In the primary school period, classes with hyperactive children should mainly be focused on the development of attention, the development of voluntary regulation, and the formation of psychomotor functions. Also, therapeutic methods should cover the development of specific skills of interaction with peers and adults. The initial correctional work with an overly active crumb must occur individually. At this stage of the correctional impact, it is necessary to teach a small individual to listen, to understand the instructions of a psychologist or another adult and to pronounce them loudly, to express independently during classes the rules of behavior and the norms for performing a specific task. It is also desirable at this stage to work out, along with the crumb, the procedure of rewards and the system of punishments, which will subsequently help him to adapt in the team of his peers. The next stage involves the involvement of an overly active child in collective activity and should also be implemented gradually. First, the child must be involved in the gameplay, go to work with a small group of children, and then he can be invited to participate in group classes, which include a large number of participants. Otherwise, if such a sequence is not observed, the baby may become overexcited, which will cause a loss of behavior control, general fatigue and a lack of active attention.

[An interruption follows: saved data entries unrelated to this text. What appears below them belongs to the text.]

lemma commutes_with_state_lincomb:
  assumes "A \<in> carrier_mat d d" "B \<in> carrier_mat d d"
    and "commutes_with_state \<sigma> A" "commutes_with_state \<sigma> B"
  shows "commutes_with_state \<sigma> (a \<cdot>\<^sub>m A + b \<cdot>\<^sub>m B)"
  using assms state_carrier commute_lincomb_mat unfolding commutes_with_state_def by blast

lemma commutes_with_state_cancel_right:
  assumes carrier: "A \<in> carrier_mat d d" "B \<in> carrier_mat d d" and "invertible_mat A"
    and "commutes_with_state \<sigma> A" "commutes_with_state \<sigma> (B * A)"
  shows "commutes_with_state \<sigma> B"
proof -
  obtain A' where A': "A' \<in> carrier_mat d d" "A * A' = 1\<^sub>m d" "A' * A = 1\<^sub>m d"
    using assms invertible_mat_obtain_inverse by blast
  have "commutes_with_state \<sigma> A'"
    using assms A' state_carrier commute_inverse_mat unfolding commutes_with_state_def by blast
  with assms A' have "commutes_with_state \<sigma> (B * A * A')"
    by (intro commutes_with_state_mult[of "B * A" A']) auto
  moreover have "B * A * A' = B" using carrier A' by simp
  ultimately show ?thesis by simp
qed

lemma sat_mult:
  assumes "A \<in> carrier_mat d d" "B \<in> carrier_mat d d" "sat \<rho> \<sigma> A" "sat \<rho> \<sigma> B"
  shows "sat \<rho> \<sigma> (A * B)"
  using assms density_carrier commutes_with_state_mult by (simp add: sat_iff)

lemma sat_lincomb:
  assumes "A \<in> carrier_mat d d" "B \<in> carrier_mat d d" "(a \<cdot>\<^sub>m A + b \<cdot>\<^sub>m B) * \<rho> = \<rho>"
    and "commutes_with_state \<sigma> A" "commutes_with_state \<sigma> B"
  shows "sat \<rho> \<sigma> (a \<cdot>\<^sub>m A + b \<cdot>\<^sub>m B)"
  using assms commutes_with_state_lincomb by (simp add: sat_iff)

lemma sat_affine_comb:
  assumes "A \<in> carrier_mat d d" "B \<in> carrier_mat d d" "sat \<rho> \<sigma> A" "sat \<rho> \<sigma> B"
    and "l0 + l1 = 1"
  shows "sat \<rho> \<sigma> (l0 \<cdot>\<^sub>m A + l1 \<cdot>\<^sub>m B)"
proof (rule sat_lincomb)
  have "(l0 \<cdot>\<^sub>m A + l1 \<cdot>\<^sub>m B) * \<rho> = (l0 + l1) \<cdot>\<^sub>m \<rho>"
    using assms(1-4) density_carrier
    by (simp add: lincomb_mult_mat sat_iff add_smult_distrib_right_mat)
  then show "(l0 \<cdot>\<^sub>m A + l1 \<cdot>\<^sub>m B) * \<rho> = \<rho>"
    using \<open>l0 + l1 = 1\<close> by simp
qed (use assms in \<open>simp_all add: sat_iff\<close>)

lemma sat_cancel_right:
  assumes "A \<in> carrier_mat d d" "B \<in> carrier_mat d d" "invertible_mat A"
    and "sat \<rho> \<sigma> A" "sat \<rho> \<sigma> (B * A)"
  shows "sat \<rho> \<sigma> B"
proof -
  have "B * \<rho> = B * A * \<rho>" using assms density_carrier by (simp add: sat_iff)
  then have "B * \<rho> = \<rho>" using assms by (simp add: sat_iff)
  then show ?thesis using assms commutes_with_state_cancel_right by (simp add: sat_iff)
qed

lemma sat_lincomb_mult:
  assumes "A \<in> carrier_mat d d" "B \<in> carrier_mat d d" "C \<in> carrier_mat d d"
    and "(a \<cdot>\<^sub>m A + b \<cdot>\<^sub>m B) * \<rho> = \<rho>"
    and "commutes_with_state \<sigma> A" "commutes_with_state \<sigma> B" "sat \<rho> \<sigma> C"
  shows "sat \<rho> \<sigma> (a \<cdot>\<^sub>m A + b \<cdot>\<^sub>m (B * C))"
proof (rule sat_lincomb)
  have "B * C * \<rho> = B * \<rho>" using assms density_carrier by (simp add: sat_iff)
  then show "(a \<cdot>\<^sub>m A + b \<cdot>\<^sub>m (B * C)) * \<rho> = \<rho>"
    using assms density_carrier by (simp add: lincomb_mult_mat)
  show "commutes_with_state \<sigma> (B * C)"
    by (rule commutes_with_state_mult) (use assms in \<open>simp_all add: sat_iff\<close>)
qed (use assms in simp_all)

end

theorem lemma2:
  fixes n :: nat and \<rho> :: "complex mat" and \<sigma> :: "'v \<Rightarrow> complex mat option"
    and se0 se1 se2 :: "complex mat"
  assumes "partial_density_op n \<rho>"
    and "stabilizer_state n \<sigma>"
    and "se0 \<in> stab_expr n" and "se1 \<in> stab_expr n" and "se2 \<in> stab_expr n"
  shows "(sat \<rho> \<sigma> se0 \<and> sat \<rho> \<sigma> se1 \<longrightarrow>
            sat \<rho> \<sigma> (se0 * se1) \<and>
            (\<forall>l0 l1 :: complex. l0 + l1 = 1 \<longrightarrow> sat \<rho> \<sigma> (l0 \<cdot>\<^sub>m se0 + l1 \<cdot>\<^sub>m se1)))
    \<and> (invertible_mat se0 \<and> sat \<rho> \<sigma> se0 \<and> sat \<rho> \<sigma> (se1 * se0) \<longrightarrow> sat \<rho> \<sigma> se1)
    \<and> (\<forall>a b :: complex.
          (a \<cdot>\<^sub>m se0 + b \<cdot>\<^sub>m se1) * \<rho> = \<rho>
          \<and> (\<forall>x M. \<sigma> x = Some M \<longrightarrow> se0 * M = M * se0 \<and> se1 * M = M * se1)
          \<and> sat \<rho> \<sigma> se2
          \<longrightarrow> sat \<rho> \<sigma> (a \<cdot>\<^sub>m se0 + b \<cdot>\<^sub>m (se1 * se2)))"
proof -
  interpret square_sat "2 ^ n" \<rho> \<sigma>
    using assms(1,2) stabilizer_state_carrier_mat
    by unfold_locales (auto simp: partial_density_op_def positive_op_def)
  have carrier: "se0 \<in> carrier_mat (2 ^ n) (2 ^ n)" "se1 \<in> carrier_mat (2 ^ n) (2 ^ n)"
    "se2 \<in> carrier_mat (2 ^ n) (2 ^ n)"
    using assms(3-5) stab_expr_carrier_mat by auto
  show ?thesis
  proof (intro conjI impI allI)
    show "sat \<rho> \<sigma> (se0 * se1)" if "sat \<rho> \<sigma> se0 \<and> sat \<rho> \<sigma> se1"
      using that carrier sat_mult by blast
    show "sat \<rho> \<sigma> (l0 \<cdot>\<^sub>m se0 + l1 \<cdot>\<^sub>m se1)"
      if "sat \<rho> \<sigma> se0 \<and> sat \<rho> \<sigma> se1" "l0 + l1 = 1" for l0 l1
      using that carrier sat_affine_comb by blast
    show "sat \<rho> \<sigma> se1"
      if "invertible_mat se0 \<and> sat \<rho> \<sigma> se0 \<and> sat \<rho> \<sigma> (se1 * se0)"
      using that carrier sat_cancel_right by blast
    show "sat \<rho> \<sigma> (a \<cdot>\<^sub>m se0 + b \<cdot>\<^sub>m (se1 * se2))"
      if "(a \<cdot>\<^sub>m se0 + b \<cdot>\<^sub>m se1) * \<rho> = \<rho>
          \<and> (\<forall>x M. \<sigma> x = Some M \<longrightarrow> se0 * M = M * se0 \<and> se1 * M = M * se1)
          \<and> sat \<rho> \<sigma> se2" for a b
      using that carrier sat_lincomb_mult unfolding commutes_with_state_def by blast
  qed
qed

At school, it’s also quite difficult to work with overly active children, however, such children also have their own attractive features.
Hyperactive children in school are characterized by a fresh spontaneous reaction, they are easily inspired, always willingly help teachers and other peers. Hyperactive kids are completely vindictive, they are more enduring than their peers, and relatively less often classmates are prone to diseases. They often have a very rich imagination. Therefore, teachers are advised to try to understand their motives and define a model of interaction in order to choose a competent behavior strategy with such kids.
Thus, it was proved in a practical way that the development of the motor system of children has an intensive effect on their all-round development, namely, on the formation of the visual, auditory and tactile analyzer systems, speech abilities, and intelligence. Therefore, classes with hyperactive children must necessarily contain a motor correction.